(* Let $1\le W<d<\infty$ be integers, let $a_{ij}\in\mathbb R$ ($1\le i\le d$, $1\le j\le W$) be arbitrary constants, and let $\Phi:\mathbb R^W\to\mathbb R^d$ be given by $\Phi_i(\mathbf w)=\sin\big(\sum_{j=1}^W a_{ij}w_j\big)$, $i=1,\ldots,d$. Then, regardless of the constants $a_{ij}$, the set $F_\Phi$ of GF-learnable targets has Lebesgue measure $0$ in $\mathbb R^d$.
   Context: For a target $\mathbf f\in\mathbb R^d$, let $L_{\mathbf f}(\mathbf w)=\frac12\|\mathbf f-\Phi(\mathbf w)\|^2$ and let $\mathbf w(t)$, $t\ge0$, be the solution of the gradient flow $\frac{d\mathbf w}{dt}=-\nabla_{\mathbf w}L_{\mathbf f}(\mathbf w(t))$ with $\mathbf w(0)=\mathbf 0$. The set of GF-learnable targets is $F_\Phi=\{\mathbf f\in\mathbb R^d:\inf_{t\ge0}L_{\mathbf f}(\mathbf w(t))=0\}$. *)

theory Defs
  imports "HOL-Analysis.Analysis"
begin

definition loss :: "('w \<Rightarrow> 'd::real_inner) \<Rightarrow> 'd \<Rightarrow> 'w \<Rightarrow> real" where
  "loss Phi f w = (1/2) * (norm (f - Phi w))\<^sup>2"

definition is_gradient :: "('a::real_inner \<Rightarrow> real) \<Rightarrow> 'a \<Rightarrow> 'a \<Rightarrow> bool" where
  "is_gradient g G x \<longleftrightarrow> (g has_derivative (\<lambda>h. G \<bullet> h)) (at x)"

definition gf_solution :: "('w::real_inner \<Rightarrow> 'd::real_inner) \<Rightarrow> 'd \<Rightarrow> (real \<Rightarrow> 'w) \<Rightarrow> bool" where
  "gf_solution Phi f w \<longleftrightarrow> w 0 = 0 \<and>
     (\<forall>t\<ge>0. \<exists>G. is_gradient (loss Phi f) G (w t) \<and>
                  (w has_vector_derivative (- G)) (at t within {0..}))"

definition GF_learnable :: "('w::real_inner \<Rightarrow> 'd::real_inner) \<Rightarrow> 'd set" where
  "GF_learnable Phi = {f. \<exists>w. gf_solution Phi f w \<and> (INF t\<in>{0..}. loss Phi f (w t)) = 0}"

definition sin_model :: "real^'w^'d \<Rightarrow> real^'w \<Rightarrow> real^'d" where
  "sin_model a w = (\<chi> i. sin (\<Sum>j\<in>UNIV. a $ i $ j * w $ j))"

end

theory Submission
  imports Defs
begin

text \<open>Along the gradient flow the loss is nonincreasing, so a learnable target \<open>f\<close> is the limit of
  \<open>\<Phi>(w(t)) = sin (A w(t))\<close> (componentwise). Once \<open>|sin u\<^sub>i(t) - f\<^sub>i| < 1\<close> for all later \<open>t\<close>, the
  continuous argument \<open>u\<^sub>i(t) = (A w(t))\<^sub>i\<close> can never reach a point where \<open>sin\<close> takes the value
  \<open>\<plusminus>1\<close> farthest from \<open>f\<^sub>i\<close>; these points are \<open>2\<pi>\<close>-periodic, so \<open>u\<^sub>i\<close> oscillates by at most
  \<open>2\<pi>\<close>. Hence \<open>A w(t)\<close> eventually stays in a compact subset of the range of \<open>A\<close>, whose image under
  \<open>sin\<close> is closed, so \<open>f\<close> lies in the range of \<open>\<Phi>\<close>. That range is the image of \<open>\<real>\<^sup>W\<close> under a
  differentiable map into \<open>\<real>\<^sup>d\<close> with \<open>W < d\<close>, hence a null set.\<close>

lemma periodic_point_in_period:
  fixes p :: real
  assumes "p > 0"
  obtains k :: int where "z \<le> x0 + p * k" "x0 + p * k < z + p"
proof
  define k where "k = \<lceil>(z - x0) / p\<rceil>"
  have "(z - x0) / p \<le> k" "k < (z - x0) / p + 1"
    unfolding k_def by linarith+
  then show "z \<le> x0 + p * k" "x0 + p * k < z + p"
    using assms by (simp_all add: field_simps)
qed

lemma continuous_avoiding_periodic_points_oscillation_le:
  fixes v :: "real \<Rightarrow> real"
  assumes "p > 0" and cont: "continuous_on {s..t} v" and "s \<le> t"
    and avoid: "\<And>r k. r \<in> {s..t} \<Longrightarrow> v r \<noteq> x0 + p * of_int k"
  shows "\<bar>v t - v s\<bar> \<le> p"
proof (rule ccontr)
  assume "\<not> \<bar>v t - v s\<bar> \<le> p"
  then have far: "min (v s) (v t) + p < max (v s) (v t)"
    by linarith
  obtain k :: int where k: "min (v s) (v t) \<le> x0 + p * k" "x0 + p * k < min (v s) (v t) + p"
    using periodic_point_in_period[OF \<open>p > 0\<close>] .
  have "connected (v ` {s..t})"
    using cont by (rule connected_continuous_image) simp
  moreover have "min (v s) (v t) \<in> v ` {s..t}" "max (v s) (v t) \<in> v ` {s..t}"
    using \<open>s \<le> t\<close> by (simp_all add: min_def max_def)
  ultimately have "x0 + p * k \<in> v ` {s..t}"
    by (rule connectedD_interval) (use k far in linarith)+
  then show False
    using avoid by (metis imageE)
qed

lemma sin_close_oscillation_le:
  fixes v :: "real \<Rightarrow> real"
  assumes "continuous_on {s..t} v" "s \<le> t" and close: "\<And>r. r \<in> {s..t} \<Longrightarrow> \<bar>sin (v r) - c\<bar> < 1"
  shows "\<bar>v t - v s\<bar> \<le> 2 * pi"
proof (rule continuous_avoiding_periodic_points_oscillation_le[OF _ assms(1,2)])
  \<comment> \<open>\<open>sin\<close> takes the value \<open>\<plusminus>1\<close> farthest from \<open>c\<close> exactly on \<open>x0 + 2\<pi>\<int>\<close>.\<close>
  define x0 where "x0 = (if c \<ge> 0 then - pi / 2 else pi / 2)"
  have far: "\<bar>sin (x0 + 2 * pi * of_int k) - c\<bar> \<ge> 1" for k :: int
    by (simp add: x0_def sin_add)
  show "v r \<noteq> x0 + 2 * pi * of_int k" if "r \<in> {s..t}" for r k
    using close[OF that] far[of k] by auto
qed simp

lemma gf_solution_loss_derivative:
  assumes "gf_solution Phi f w" "0 \<le> t"
  obtains D where "D \<le> 0" "((\<lambda>t. loss Phi f (w t)) has_real_derivative D) (at t within {0..})"
proof -
  obtain G where G: "(loss Phi f has_derivative (\<lambda>h. G \<bullet> h)) (at (w t))"
    "(w has_vector_derivative - G) (at t within {0..})"
    using assms unfolding gf_solution_def is_gradient_def by blast
  have "((loss Phi f \<circ> w) has_derivative (*) (- (G \<bullet> G))) (at t within {0..})"
    by (rule has_derivative_eq_rhs[OF diff_chain_within[OF G(2)[unfolded has_vector_derivative_def]
          has_derivative_at_withinI[OF G(1)]]]) (auto simp: fun_eq_iff)
  then have "((\<lambda>t. loss Phi f (w t)) has_real_derivative - (G \<bullet> G)) (at t within {0..})"
    by (simp add: has_field_derivative_def comp_def)
  moreover have "- (G \<bullet> G) \<le> 0"
    by simp
  ultimately show ?thesis
    using that by blast
qed

lemma gf_solution_loss_antimono:
  assumes gf: "gf_solution Phi f w" and "0 \<le> s" "s \<le> t"
  shows "loss Phi f (w t) \<le> loss Phi f (w s)"
proof (rule DERIV_nonpos_imp_decreasing_open[OF \<open>s \<le> t\<close>])
  fix r assume "s < r" "r < t"
  then have r: "r \<in> interior {0..}" and "0 \<le> r"
    using \<open>0 \<le> s\<close> by simp_all
  obtain D where "D \<le> 0" "((\<lambda>t. loss Phi f (w t)) has_real_derivative D) (at r within {0..})"
    using gf_solution_loss_derivative[OF gf \<open>0 \<le> r\<close>] .
  then show "\<exists>y. ((\<lambda>t. loss Phi f (w t)) has_real_derivative y) (at r) \<and> y \<le> 0"
    unfolding at_within_interior[OF r] by blast
next
  have "continuous (at r within {0..}) (\<lambda>t. loss Phi f (w t))" if "0 \<le> r" for r
  proof -
    obtain D where "((\<lambda>t. loss Phi f (w t)) has_real_derivative D) (at r within {0..})"
      using gf_solution_loss_derivative[OF gf \<open>0 \<le> r\<close>] .
    then show ?thesis
      by (rule DERIV_continuous)
  qed
  then have "continuous_on {0..} (\<lambda>t. loss Phi f (w t))"
    by (simp add: continuous_on_eq_continuous_within)
  then show "continuous_on {s..t} (\<lambda>t. loss Phi f (w t))"
    by (rule continuous_on_subset) (use \<open>0 \<le> s\<close> in auto)
qed

lemma gf_solution_continuous_on:
  assumes "gf_solution Phi f w"
  shows "continuous_on {0..} w"
  unfolding continuous_on_eq_continuous_within
proof
  fix t :: real assume "t \<in> {0..}"
  then obtain G where "(w has_vector_derivative - G) (at t within {0..})"
    using assms unfolding gf_solution_def by auto
  then show "continuous (at t within {0..}) w"
    by (rule has_vector_derivative_continuous)
qed

lemma GF_learnable_imp_tendsto:
  assumes "f \<in> GF_learnable Phi"
  obtains w where "gf_solution Phi f w" "((\<lambda>t. Phi (w t)) \<longlongrightarrow> f) at_top"
proof -
  obtain w where gf: "gf_solution Phi f w" and inf: "(INF t\<in>{0..}. loss Phi f (w t)) = 0"
    using assms unfolding GF_learnable_def by blast
  have "\<forall>\<^sub>F t in at_top. dist (Phi (w t)) f < e" if "e > 0" for e
  proof -
    have "bdd_below ((\<lambda>t. loss Phi f (w t)) ` {0..})"
      by (rule bdd_belowI[of _ 0]) (auto simp: loss_def)
    moreover have "(INF t\<in>{0..}. loss Phi f (w t)) < e\<^sup>2 / 2"
      using inf \<open>e > 0\<close> by simp
    ultimately obtain T where "T \<ge> 0" and T: "loss Phi f (w T) < e\<^sup>2 / 2"
      by (subst (asm) cINF_less_iff) auto
    have "dist (Phi (w t)) f < e" if "t \<ge> T" for t
    proof -
      have "loss Phi f (w t) < e\<^sup>2 / 2"
        using gf_solution_loss_antimono[OF gf \<open>T \<ge> 0\<close> that] T by linarith
      then have "(norm (f - Phi (w t)))\<^sup>2 < e\<^sup>2"
        by (simp add: loss_def)
      then show ?thesis
        using \<open>e > 0\<close> by (simp add: dist_norm norm_minus_commute power_less_imp_less_base)
    qed
    then show ?thesis
      by (auto simp: eventually_at_top_linorder)
  qed
  then have "((\<lambda>t. Phi (w t)) \<longlongrightarrow> f) at_top"
    by (rule tendstoI)
  with gf show ?thesis
    by (rule that)
qed

definition vec_sin :: "real^'n \<Rightarrow> real^'n" where
  "vec_sin v = (\<chi> i. sin (v $ i))"

lemma sin_model_eq_vec_sin: "sin_model a w = vec_sin (a *v w)"
  by (simp add: sin_model_def vec_sin_def matrix_vector_mult_def)

lemma continuous_on_vec_sin: "continuous_on S vec_sin"
  unfolding vec_sin_def by (intro continuous_intros)

lemma vec_sin_differentiable:
  fixes v :: "real^'n"
  shows "vec_sin differentiable at v"
proof (rule differentiable_componentwise_within[THEN iffD2], rule ballI)
  fix b :: "real^'n" assume "b \<in> Basis"
  then obtain k where "b = axis k 1"
    unfolding Basis_vec_def by auto
  then have "(\<lambda>x. vec_sin x \<bullet> b) = (\<lambda>x. sin (x $ k))"
    by (simp add: vec_sin_def inner_axis)
  moreover have "sin differentiable at (v $ k)"
    using DERIV_sin unfolding differentiable_def has_field_derivative_def by blast
  then have "(\<lambda>x. sin (x $ k)) differentiable at v"
    by (rule differentiable_compose) (intro bounded_linear_imp_differentiable bounded_linear_vec_nth)
  ultimately show "(\<lambda>x. vec_sin x \<bullet> b) differentiable at v"
    by simp
qed

lemma sin_model_differentiable_on: "sin_model a differentiable_on S"
proof -
  have "sin_model a = vec_sin \<circ> (\<lambda>w. a *v w)"
    by (simp add: fun_eq_iff sin_model_eq_vec_sin)
  moreover have "(vec_sin \<circ> (\<lambda>w. a *v w)) differentiable at w" for w
    by (rule differentiable_chain_at[OF linear_imp_differentiable[OF matrix_vector_mul_linear]
          vec_sin_differentiable])
  ultimately show ?thesis
    by (simp add: differentiable_at_imp_differentiable_on)
qed

lemma vec_sin_close_dist_le:
  fixes u :: "real \<Rightarrow> real^'n"
  assumes cont: "continuous_on {T..} u" and near: "\<And>t. T \<le> t \<Longrightarrow> dist (vec_sin (u t)) f < 1"
    and "T \<le> t"
  shows "dist (u t) (u T) \<le> CARD('n) * (2 * pi)"
proof -
  have osc: "\<bar>u t $ i - u T $ i\<bar> \<le> 2 * pi" for i
  proof (rule sin_close_oscillation_le[OF _ \<open>T \<le> t\<close>])
    show "continuous_on {T..t} (\<lambda>r. u r $ i)"
      by (intro continuous_on_component continuous_on_subset[OF cont]) auto
    fix r assume "r \<in> {T..t}"
    then have "norm (vec_sin (u r) - f) < 1"
      using near by (simp add: dist_norm)
    then show "\<bar>sin (u r $ i) - f $ i\<bar> < 1"
      using component_le_norm_cart[of "vec_sin (u r) - f" i] by (simp add: vec_sin_def)
  qed
  have "dist (u t) (u T) \<le> (\<Sum>i\<in>UNIV. \<bar>u t $ i - u T $ i\<bar>)"
    using norm_le_l1_cart[of "u t - u T"] by (simp add: dist_norm)
  also have "\<dots> \<le> (\<Sum>i\<in>(UNIV :: 'n set). 2 * pi)"
    using osc by (intro sum_mono)
  finally show ?thesis
    by simp
qed

lemma GF_learnable_sin_model_subset_range:
  fixes a :: "real^'w^'d"
  shows "GF_learnable (sin_model a) \<subseteq> range (sin_model a)"
proof
  fix f assume "f \<in> GF_learnable (sin_model a)"
  then obtain w where gf: "gf_solution (sin_model a) f w"
    and lim: "((\<lambda>t. vec_sin (a *v w t)) \<longlongrightarrow> f) at_top"
    unfolding sin_model_eq_vec_sin by (rule GF_learnable_imp_tendsto)
  define u where "u t = a *v w t" for t
  obtain T0 where "\<forall>t\<ge>T0. dist (vec_sin (u t)) f < 1"
    using lim[unfolded tendsto_iff, rule_format, of 1] by (auto simp: eventually_at_top_linorder u_def)
  then obtain T where "0 \<le> T" and near: "\<And>t. T \<le> t \<Longrightarrow> dist (vec_sin (u t)) f < 1"
    by (metis max.cobounded1 max.cobounded2 order_trans)
  have "continuous_on {0..} u"
    unfolding u_def
    by (rule linear_continuous_on_compose[OF gf_solution_continuous_on[OF gf]])
      (simp add: linear_linear)
  then have u_cont: "continuous_on {T..} u"
    by (rule continuous_on_subset) (use \<open>0 \<le> T\<close> in auto)
  define K where "K = range (\<lambda>x. a *v x) \<inter> cball (u T) (CARD('d) * (2 * pi))"
  have "closed (range (\<lambda>x. a *v x))"
    by (intro closed_subspace linear_subspace_image matrix_vector_mul_linear subspace_UNIV)
  then have "compact K"
    by (simp add: K_def compact_eq_bounded_closed closed_Int bounded_Int)
  then have "closed (vec_sin ` K)"
    by (intro compact_imp_closed compact_continuous_image continuous_on_vec_sin)
  moreover have "u t \<in> K" if "T \<le> t" for t
    using vec_sin_close_dist_le[OF u_cont near that] by (simp add: K_def u_def dist_commute)
  then have "\<forall>\<^sub>F t in at_top. vec_sin (a *v w t) \<in> vec_sin ` K"
    unfolding u_def eventually_at_top_linorder by blast
  ultimately have "f \<in> vec_sin ` K"
    using Lim_in_closed_set lim by fastforce
  then show "f \<in> range (sin_model a)"
    by (auto simp: K_def sin_model_eq_vec_sin)
qed

theorem corollary2:
  fixes a :: "real^'w^'d"
  assumes "CARD('w) < CARD('d)"
  shows "GF_learnable (sin_model a) \<in> null_sets lebesgue"
proof -
  have "negligible (range (sin_model a))"
    using assms by (intro negligible_differentiable_image_lowdim sin_model_differentiable_on) simp
  then have "negligible (GF_learnable (sin_model a))"
    using GF_learnable_sin_model_subset_range by (rule negligible_subset)
  then show ?thesis
    by (simp add: negligible_iff_null_sets)
qed

end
───
PROBLEM TO SOLVE.
In the data above, find each line that has the word "takes" and copy it out.

SOLVED EXERCISE.
  continuous argument \<open>u\<^sub>i(t) = (A w(t))\<^sub>i\<close> can never reach a point where \<open>sin\<close> takes the value
  \<comment> \<open>\<open>sin\<close> takes the value \<open>\<plusminus>1\<close> farthest from \<open>c\<close> exactly on \<open>x0 + 2\<pi>\<int>\<close>.\<close>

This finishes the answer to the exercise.